Table 1 Multiple factor regression Global H5N1 outbreak risk prediction
Before prediction, the Omnibus test of model coefficients and Hosmer–Lemeshow test were performed on the model. The p of the Omnibus test of the model coefficient is less than 0.05 (p = 0.02). The p of the Hosmer–Lemeshow test is greater than 0.05 (p = 0.35). Thus, the goodness of fit of the model is high, and the predicted value is very close to the real value. The results of the two test methods indicate that the model in this paper has high reliability. In addition, in this paper, the outbreak risk (probability) is divided into eight categories by the natural breakpoint method, because the natural breakpoint method can set the boundary where the numerical difference is relatively large, and the similar values can be grouped properly.

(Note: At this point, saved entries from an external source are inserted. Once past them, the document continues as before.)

(* Let $M$ be the metric space \[M:=\Big\{\Big(a,\tfrac{1}{2^{n}}\Big)\colon a\in[0,1],\ n\in\mathbb{N}\Big\}\cup \Big\{(a,b)\colon a\in\{0,1\},\ b\in\Big[0,\tfrac{1}{2}\Big]\Big\}\subseteq\mathbb{R}^2\] with the metric \[d\big((a,b),(c,e)\big):=\begin{cases} |a-c|, & \text{if }b=e,\\ \min\{a+c,\,2-a-c\}+|b-e|, &\text{if } b\neq e, \end{cases}\] and base point $(0,0)$. Let $x=(0,0)$, $y=(1,0)$, and $\pi_2(a,b)=b$. Let $\varepsilon,\delta>0$ and let $\nu\in\operatorname{conv}\big(\mathrm{Mol}_{\delta,1}(M)\big)$. If there exists $g\in B_{\mathrm{Lip}_0(M)}$ such that $g(\nu)=\|\nu\|$ and $|g(m_{xy})|<\varepsilon$, then there exists $f\in B_{\mathrm{Lip}_0(M)}$ such that \[f(\nu)>\frac{\|\nu\|-\varepsilon-2\delta}{1+\varepsilon+2\delta}\] and $f(p)=0$ for every $p\in M$ with $\pi_2(p)\le\delta$.
   Context: For a pointed metric space $(M,d,0)$, $\mathrm{Lip}_0(M)$ is the Banach space of Lipschitz functions $f\colon M\to\mathbb{R}$ with $f(0)=0$, normed by the best Lipschitz constant. The Lipschitz-free space $\mathcal{F}(M)$ is the norm-closed linear span of the evaluation functionals $\delta_u$ ($\delta_u(f)=f(u)$), $u\in M$, in $\mathrm{Lip}_0(M)^*$; its dual is $\mathrm{Lip}_0(M)$, and elements of $\mathrm{Lip}_0(M)$ act on $\mathcal{F}(M)$ accordingly. For $u\neq v$ in $M$, the molecule is $m_{uv}=(\delta_u-\delta_v)/d(u,v)\in\mathcal{F}(M)$. For $\delta,\varepsilon>0$, $\mathrm{Mol}_{\delta,\varepsilon}(M)=\{m_{uv}\colon u,v\in M,\ u\neq v,\ \delta<\pi_2(u)<\varepsilon,\ \delta<\pi_2(v)<\varepsilon\}$, and $\operatorname{conv}$ denotes the convex hull. $B_X$ denotes the closed unit ball; $\mathbb{N}=\{1,2,\dots\}$. *)

theory Defs
  imports "HOL-Analysis.Analysis"
begin

definition pi2 :: "real \<times> real \<Rightarrow> real" where
  "pi2 p = snd p"

definition Msp :: "(real \<times> real) set" where
  "Msp = {(a, 1 / 2 ^ n) | a n. a \<in> {0..1} \<and> n \<ge> (1::nat)}
       \<union> {(a, b) | a b. a \<in> {0, 1} \<and> b \<in> {0..1/2}}"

Thus, there is a maximum difference between the data of each group, which can effectively represent the classification of the probability of each prediction site.
As seen from the prediction map (Fig. 8) and the results presented in Fig. 4, with the exception of China, Southeast Asia, South Asia, Nigeria, Ghana, Burkina Faso, Côte d’Ivoire, Egypt, Sudan, Romania, Greece, Germany, and France, where H5N1 has previously occurred, there is a high risk of H5N1 outbreaks in the southeastern part of the USA and Paraguay in South America. A high risk of H5N1 outbreaks is also noted in Uganda, Congo, Tanzania, South Africa, and the western and southeastern regions of Oceania.